Yesterday, Austin & I were driving around Columbus. Siri kept telling us, “Exit Sr minus 62. Go north on Interstate minus 270.”
Yes, it was really was saying minus.
Austin: Dash.
Smh.
Yesterday, Austin & I were driving around Columbus. Siri kept telling us, “Exit Sr minus 62. Go north on Interstate minus 270.”
Yes, it was really was saying minus.
Austin: Dash.
Smh.
Me: We need to go visit your parents this weekend too.
Austin: Oh yeah, that’s right. [Glumly, as if getting presents is a chore.] My mom is going to ask me what I want for my birthday.
Me: Tell her you got everything when you met me.
Austin: Tiramisu.
Me: Which I make for you every birthday. And a blowjob, which I give you every birthday.
Austin: I’m not going to put that on a list for my mom.
So, last night, Austin wanted ice cream. The night before I wanted ice cream. So when Austin mentioned ice cream, I ran to the dollar store and bought 2 packages of ice cream. By the looks of their cases, Austin & I were not the only ones who experienced an ice cream emergency.
Me, hugging Austin: Do you know how much I love you?
Austin: Enough to go get pizza for dinner.
Me, coming out of the embrace.
Austin: Is that a no?
Me: I dropped everything and ran out and got ice cream yesterday. Now you want me to run out and get pizza? By myself?
Austin: That was a test. You failed.
For some reason, Austin & I were reminiscing about the time we had a bat in our house.
Me: I can’t believe your mom and X both were like, “You should have killed it.”
Austin: We used to get bats in the house all the time when I was little. My mom really believed killing them was the only way to keep them out.
Me: I’ve had three bats in this house in over 20 years. Bats do not go and tell their friends to come to our house.

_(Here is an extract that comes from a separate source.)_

(* Let $N$ be a strictly reflexive object of a compact closed category $(\mathcal C,\otimes,I)$ with trivial scalars, so that $N^*\otimes N=N$ and $N\otimes N=N$, and let $\Delta,\nabla\in\mathcal C(N,N)$ be the split and merge arrows of the standard Frobenius algebra at $N=N^*\otimes N$. Then (1) $\nabla\Delta=1_N$; (2) $\Delta\nabla=1_N$ if and only if $N$ is a unit object of the one-object semi-monoidal category $(\mathcal C(N,N),\otimes)$.
   Context: Strictly reflexive: $[N\to N]=N^*\otimes N=N$ with $\mathrm{app},\mathrm{lam}$ identity arrows (and then also $N^*=N$, $N\otimes N=N$). Trivial scalars: $\mathcal C(I,I)=\{1_I\}$. The standard Frobenius algebra at $X^*\otimes X$: split $\Delta=(1_{X^*}\otimes\eta_X\otimes1_X)\circ(X^*\otimes X\cong X^*\otimes I\otimes X)$, merge $\nabla=(X^*\otimes I\otimes X\cong X^*\otimes X)\circ(1_{X^*}\otimes\epsilon_{X^*}\otimes1_X)$, here with $X=N$. A (Saavedra) unit object of a semi-monoidal category is an object $U$ with $U\cong U\otimes U$ such that $U\otimes(-)$ and $(-)\otimes U$ are fully faithful; for the one-object category $(\mathcal C(N,N),\otimes)$ this means the maps $f\mapsto1_N\otimes f$ and $f\mapsto f\otimes1_N$ on $\mathcal C(N,N)$ are bijections. *)

theory Defs
  imports Main
begin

Austin: Not with our cats. Those bats are thankful to get out alive. They warn their friends to stay away from our house. Poor traumatized bat.

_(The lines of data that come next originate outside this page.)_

lemma edge_count_deviation_le:
  fixes J :: "'i set" and P :: "'i \<Rightarrow> (nat \<times> nat) set"
  assumes J: "finite J" and P: "\<And>a. a \<in> J \<Longrightarrow> P a \<subseteq> vertex_pairs n" and \<delta>: "\<delta> > 0" and D: "D > 0"
  shows "prob {\<omega> \<in> space M. \<delta> \<le> \<bar>(\<Sum>a\<in>J. indicator (edge_event n (P a)) \<omega>) / D - (\<Sum>a\<in>J. edge_prob n (P a)) / D\<bar>}
           \<le> card {p \<in> J \<times> J. Field (P (fst p)) \<inter> Field (P (snd p)) \<noteq> {}} / (D * \<delta>)\<^sup>2"
proof -
  define u where "u \<omega> = (\<Sum>a\<in>J. indicator (edge_event n (P a)) \<omega> - edge_prob n (P a))\<^sup>2" for \<omega>
  have "finite (P a)" if "a \<in> J" for a
    using P that finite_subset_vertex_pairs by blast+
  then have u_meas [measurable]: "u \<in> borel_measurable M"
    unfolding u_def by measurable
  have "\<bar>\<Sum>a\<in>J. indicator (edge_event n (P a)) \<omega> - edge_prob n (P a)\<bar> \<le> card J" for \<omega>
  proof -
    have "\<bar>\<Sum>a\<in>J. indicator (edge_event n (P a)) \<omega> - edge_prob n (P a)\<bar>
        \<le> (\<Sum>a\<in>J. \<bar>indicator (edge_event n (P a)) \<omega> - edge_prob n (P a)\<bar>)"
      by (rule sum_abs)
    also have "\<dots> \<le> (\<Sum>a\<in>J. 1)"
      by (intro sum_mono centered_indicator_edge_event_bound P)
    finally show ?thesis
      by simp
  qed
  then have "\<bar>u \<omega>\<bar> \<le> (card J)\<^sup>2" for \<omega>
    unfolding u_def by (simp add: power_mono abs_le_square_iff[symmetric])
  then have u_int: "integrable M u"
    by (intro integrable_const_bound[where B = "(card J)\<^sup>2"] AE_I2) auto
  have "{\<omega> \<in> space M. \<delta> \<le> \<bar>(\<Sum>a\<in>J. indicator (edge_event n (P a)) \<omega>) / D - (\<Sum>a\<in>J. edge_prob n (P a)) / D\<bar>}
      = {\<omega> \<in> space M. (D * \<delta>)\<^sup>2 \<le> u \<omega>}"
  proof -
    have "\<delta> \<le> \<bar>s / D\<bar> \<longleftrightarrow> \<bar>D * \<delta>\<bar> \<le> \<bar>s\<bar>" for s
      using D \<delta> by (simp add: le_divide_eq abs_mult mult.commute[of D])
    then have "\<delta> \<le> \<bar>s / D\<bar> \<longleftrightarrow> (D * \<delta>)\<^sup>2 \<le> s\<^sup>2" for s
      by (simp only: abs_le_square_iff)
    then show ?thesis
      by (simp only: u_def sum_subtractf diff_divide_distrib[symmetric])
  qed
  also have "prob \<dots> \<le> (\<integral>\<omega>. u \<omega> \<partial>M) / (D * \<delta>)\<^sup>2"
    using D \<delta> by (intro integral_Markov_inequality_measure[OF u_int]) (auto simp: u_def)
  also have "\<dots> \<le> card {p \<in> J \<times> J. Field (P (fst p)) \<inter> Field (P (snd p)) \<noteq> {}} / (D * \<delta>)\<^sup>2"
    unfolding u_def by (intro divide_right_mono second_moment_edge_count_le[OF J P]) auto
  finally show ?thesis .
qed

Me: Y was proud of me for not killing it. We don’t kill things in our house. Bees, bats, spiders, they’re all useful creatures and help nature. We do not murder—
Austin: It’s not murder. They’re breaking into our house. It’s self-defense.

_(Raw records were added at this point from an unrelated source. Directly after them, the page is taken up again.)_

(* Let $f_{ijk}$ be a triangle face with radii $r_i,r_j,r_k>0$ at its vertices and inversive distances $a=I_{jk}$, $b=I_{ki}$, $c=I_{ij}$, all $>1$, and suppose the edge lengths $l_{ij}=\sqrt{r_i^2+r_j^2+2I_{ij}r_ir_j}$ (and similarly $l_{jk},l_{ki}$) satisfy the triangle inequality. Realize $f_{ijk}$ as a Euclidean triangle in $\mathbb{E}^2$ with these side lengths, and let $\rho_{ijk}$ be the radius of the unique circle orthogonal to the three circles centered at $v_i,v_j,v_k$ with radii $r_i,r_j,r_k$. Then \[r_ir_jr_k\sqrt{\Delta_{abc}}=2\rho_{ijk}\operatorname{Area}(f_{ijk}),\qquad \Delta_{abc}=a^2+b^2+c^2+2abc-1.\]
   Context: The inversive distance of two circles with radii $r_1,r_2$ whose centers are at distance $l$ is $(l^2-r_1^2-r_2^2)/(2r_1r_2)$. *)

theory Defs
  imports "HOL-Analysis.Analysis"
begin

definition circles_orthogonal :: "real ^ 2 \<Rightarrow> real \<Rightarrow> real ^ 2 \<Rightarrow> real \<Rightarrow> bool" where
  "circles_orthogonal p r q s \<longleftrightarrow> (dist p q)\<^sup>2 = r\<^sup>2 + s\<^sup>2"

definition edge_len :: "real \<Rightarrow> real \<Rightarrow> real \<Rightarrow> real" where
  "edge_len r1 r2 I = sqrt (r1\<^sup>2 + r2\<^sup>2 + 2 * I * r1 * r2)"

end

theory Submission
  imports Defs "HOL-Analysis.Simplex_Content"
begin

text \<open>Put the centre of the orthogonal circle at the origin and let \<open>x\<^sub>i = v\<^sub>i - ctr\<close>.
  Orthogonality gives \<open>\<rho>\<^sup>2 - x\<^sub>i \<bullet> x\<^sub>i = -r\<^sub>i\<^sup>2\<close>, and together with the edge lengths
  \<open>\<rho>\<^sup>2 - x\<^sub>i \<bullet> x\<^sub>j = I\<^sub>i\<^sub>j r\<^sub>i r\<^sub>j\<close>. So the matrix \<open>(\<rho>\<^sup>2 - x\<^sub>i \<bullet> x\<^sub>j)\<close> is
  \<open>diag r \<cdot> M \<cdot> diag r\<close> with \<open>M = [[-1,c,b],[c,-1,a],[b,a,-1]]\<close>, whose determinant is
  \<open>\<Delta>\<^sub>a\<^sub>b\<^sub>c\<close>. On the other hand it is the Gram matrix of the vectors \<open>(1, x\<^sub>i)\<close> for the
  quadratic form \<open>diag(\<rho>\<^sup>2, -1, -1)\<close>, so its determinant is \<open>\<rho>\<^sup>2 det[1 x\<^sub>i]\<^sup>2\<close>, and
  \<open>\<bar>det[1 x\<^sub>i]\<bar>\<close> is twice the area of the triangle.\<close>

definition sym_det3 :: "real \<Rightarrow> real \<Rightarrow> real \<Rightarrow> real \<Rightarrow> real \<Rightarrow> real \<Rightarrow> real" where
  "sym_det3 p q r x y z = p * q * r + 2 * x * y * z - p * x\<^sup>2 - q * y\<^sup>2 - r * z\<^sup>2"
  \<comment> \<open>the determinant of \<open>[[p, z, y], [z, q, x], [y, x, r]]\<close>\<close>

lemma sym_det3_inversive:
  "sym_det3 (- ri\<^sup>2) (- rj\<^sup>2) (- rk\<^sup>2) (a * rj * rk) (b * rk * ri) (c * ri * rj)
     = (ri * rj * rk)\<^sup>2 * (a\<^sup>2 + b\<^sup>2 + c\<^sup>2 + 2 * a * b * c - 1)"
  unfolding sym_det3_def by algebra

lemma sym_det3_lorentz_gram:
  fixes ctr x y z :: "real ^ 2" and \<rho> :: real
  shows "sym_det3
           (\<rho>\<^sup>2 - (x - ctr) \<bullet> (x - ctr)) (\<rho>\<^sup>2 - (y - ctr) \<bullet> (y - ctr)) (\<rho>\<^sup>2 - (z - ctr) \<bullet> (z - ctr))
           (\<rho>\<^sup>2 - (y - ctr) \<bullet> (z - ctr)) (\<rho>\<^sup>2 - (z - ctr) \<bullet> (x - ctr)) (\<rho>\<^sup>2 - (x - ctr) \<bullet> (y - ctr))
         = \<rho>\<^sup>2 * ((z $ 1 - x $ 1) * (y $ 2 - x $ 2) - (y $ 1 - x $ 1) * (z $ 2 - x $ 2))\<^sup>2"
  unfolding sym_det3_def inner_vec_def sum_2 by (simp add: power2_eq_square) algebra

lemma edge_len_squared:
  assumes "r1 \<ge> 0" "r2 \<ge> 0" "I \<ge> -1"
  shows "(edge_len r1 r2 I)\<^sup>2 = r1\<^sup>2 + r2\<^sup>2 + 2 * I * r1 * r2"
proof -
  have "-1 * r1 * r2 \<le> I * r1 * r2"
    using assms by (intro mult_right_mono) auto
  then have "0 \<le> (r1 - r2)\<^sup>2 + 2 * (I * r1 * r2 + r1 * r2)"
    by simp
  then show ?thesis
    unfolding edge_len_def by (simp add: power2_eq_square algebra_simps)
qed

lemma circles_orthogonal_inner_self:
  assumes "circles_orthogonal ctr \<rho> p r"
  shows "\<rho>\<^sup>2 - (p - ctr) \<bullet> (p - ctr) = - r\<^sup>2"
proof -
  have "(dist p ctr)\<^sup>2 = \<rho>\<^sup>2 + r\<^sup>2"
    using assms by (simp add: circles_orthogonal_def dist_commute)
  then show ?thesis
    by (simp add: dist_norm power2_norm_eq_inner)
qed

lemma circles_orthogonal_inner:
  assumes "circles_orthogonal ctr \<rho> p r" "circles_orthogonal ctr \<rho> q s"
    and "(dist p q)\<^sup>2 = r\<^sup>2 + s\<^sup>2 + 2 * I * r * s"
  shows "\<rho>\<^sup>2 - (p - ctr) \<bullet> (q - ctr) = I * r * s"
proof -
  have "(dist p q)\<^sup>2 = (p - ctr) \<bullet> (p - ctr) + (q - ctr) \<bullet> (q - ctr) - 2 * ((p - ctr) \<bullet> (q - ctr))"
    by (simp add: dist_norm power2_norm_eq_inner inner_commute algebra_simps)
  then show ?thesis
    using assms circles_orthogonal_inner_self[OF assms(1)] circles_orthogonal_inner_self[OF assms(2)]
    by (simp add: dist_commute)
qed

lemma measure_lebesgue_triangle:
  fixes A B C :: "real ^ 2"
  shows "measure lebesgue (convex hull {A, B, C}) =
           \<bar>(C $ 1 - A $ 1) * (B $ 2 - A $ 2) - (B $ 1 - A $ 1) * (C $ 2 - A $ 2)\<bar> / 2"
proof -
  have "compact (convex hull {A, B, C})"
    by (intro finite_imp_compact_convex_hull) auto
  then have "measure lebesgue (convex hull {A, B, C}) = measure lborel (convex hull {A, B, C})"
    by (intro measure_completion) (auto dest: compact_imp_closed)
  then show ?thesis
    by (simp add: content_triangle)
qed

theorem theorem4p1:
  fixes ri rj rk a b c \<rho> :: real and vi vj vk ctr :: "real ^ 2"
  assumes radii: "ri > 0" "rj > 0" "rk > 0"
    and inv: "a > 1" "b > 1" "c > 1"
    and tri: "edge_len ri rj c < edge_len rj rk a + edge_len rk ri b"
             "edge_len rj rk a < edge_len rk ri b + edge_len ri rj c"
             "edge_len rk ri b < edge_len ri rj c + edge_len rj rk a"
    and real: "dist vi vj = edge_len ri rj c" "dist vj vk = edge_len rj rk a"
              "dist vk vi = edge_len rk ri b"
    and circ: "\<rho> > 0" "circles_orthogonal ctr \<rho> vi ri"
              "circles_orthogonal ctr \<rho> vj rj" "circles_orthogonal ctr \<rho> vk rk"
  shows "ri * rj * rk * sqrt (a\<^sup>2 + b\<^sup>2 + c\<^sup>2 + 2 * a * b * c - 1)
           = 2 * \<rho> * measure lebesgue (convex hull {vi, vj, vk})"
proof -
  define D where "D = (vk $ 1 - vi $ 1) * (vj $ 2 - vi $ 2) - (vj $ 1 - vi $ 1) * (vk $ 2 - vi $ 2)"
  have ij: "\<rho>\<^sup>2 - (vi - ctr) \<bullet> (vj - ctr) = c * ri * rj"
    using real(1) circ(2,3) radii inv
    by (intro circles_orthogonal_inner) (simp_all add: edge_len_squared)
  have jk: "\<rho>\<^sup>2 - (vj - ctr) \<bullet> (vk - ctr) = a * rj * rk"
    using real(2) circ(3,4) radii inv
    by (intro circles_orthogonal_inner) (simp_all add: edge_len_squared)
  have ki: "\<rho>\<^sup>2 - (vk - ctr) \<bullet> (vi - ctr) = b * rk * ri"
    using real(3) circ(4,2) radii inv
    by (intro circles_orthogonal_inner) (simp_all add: edge_len_squared)
  have gram: "(ri * rj * rk)\<^sup>2 * (a\<^sup>2 + b\<^sup>2 + c\<^sup>2 + 2 * a * b * c - 1) = (\<rho> * D)\<^sup>2"
    using sym_det3_lorentz_gram[of \<rho> vi ctr vj vk]
    unfolding circles_orthogonal_inner_self[OF circ(2)] circles_orthogonal_inner_self[OF circ(3)]
      circles_orthogonal_inner_self[OF circ(4)] ij jk ki sym_det3_inversive D_def[symmetric]
    by (simp only: power_mult_distrib)
  have "ri * rj * rk * sqrt (a\<^sup>2 + b\<^sup>2 + c\<^sup>2 + 2 * a * b * c - 1)
      = sqrt ((ri * rj * rk)\<^sup>2 * (a\<^sup>2 + b\<^sup>2 + c\<^sup>2 + 2 * a * b * c - 1))"
    using radii by (simp add: real_sqrt_mult)
  also have "\<dots> = \<rho> * \<bar>D\<bar>"
    using gram circ(1) by (simp add: abs_mult)
  finally show ?thesis
    by (simp add: measure_lebesgue_triangle D_def)
qed

end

I have had a ton of friend requests from handsome widowers who are Americans, but are in other countries. Seriously, I’m getting a request every few days.
Me: Clearly I’m not posting enough about the joys of being a married woman.
Austin & I were taking Cassie (our dog) out for a walk. It’s my job to clean up after her.
Me: Good Lord, look at the size of that poo. She just pooed this morning. That dog shouldn’t be able to have that much poo in her body.
Austin: Practice makes perfect.
Austin: Quinoa, lentils, spinach. We’re regular health nuts.
Me: I don’t think anyone who eats as much chocolate as you and I do can qualify as health nuts.
Me: I started watching that Age of Samurai show on Netflix.
Austin: How was it?
Me: Pretty good. It wasn’t what I wanted. I’ve been more into China lately and Japanese history is really different. But it was still pretty good. All the talk of the warring sects was like the sects in Untamed.
Austin: I’m sure it’s nothing like the sex in Untamed.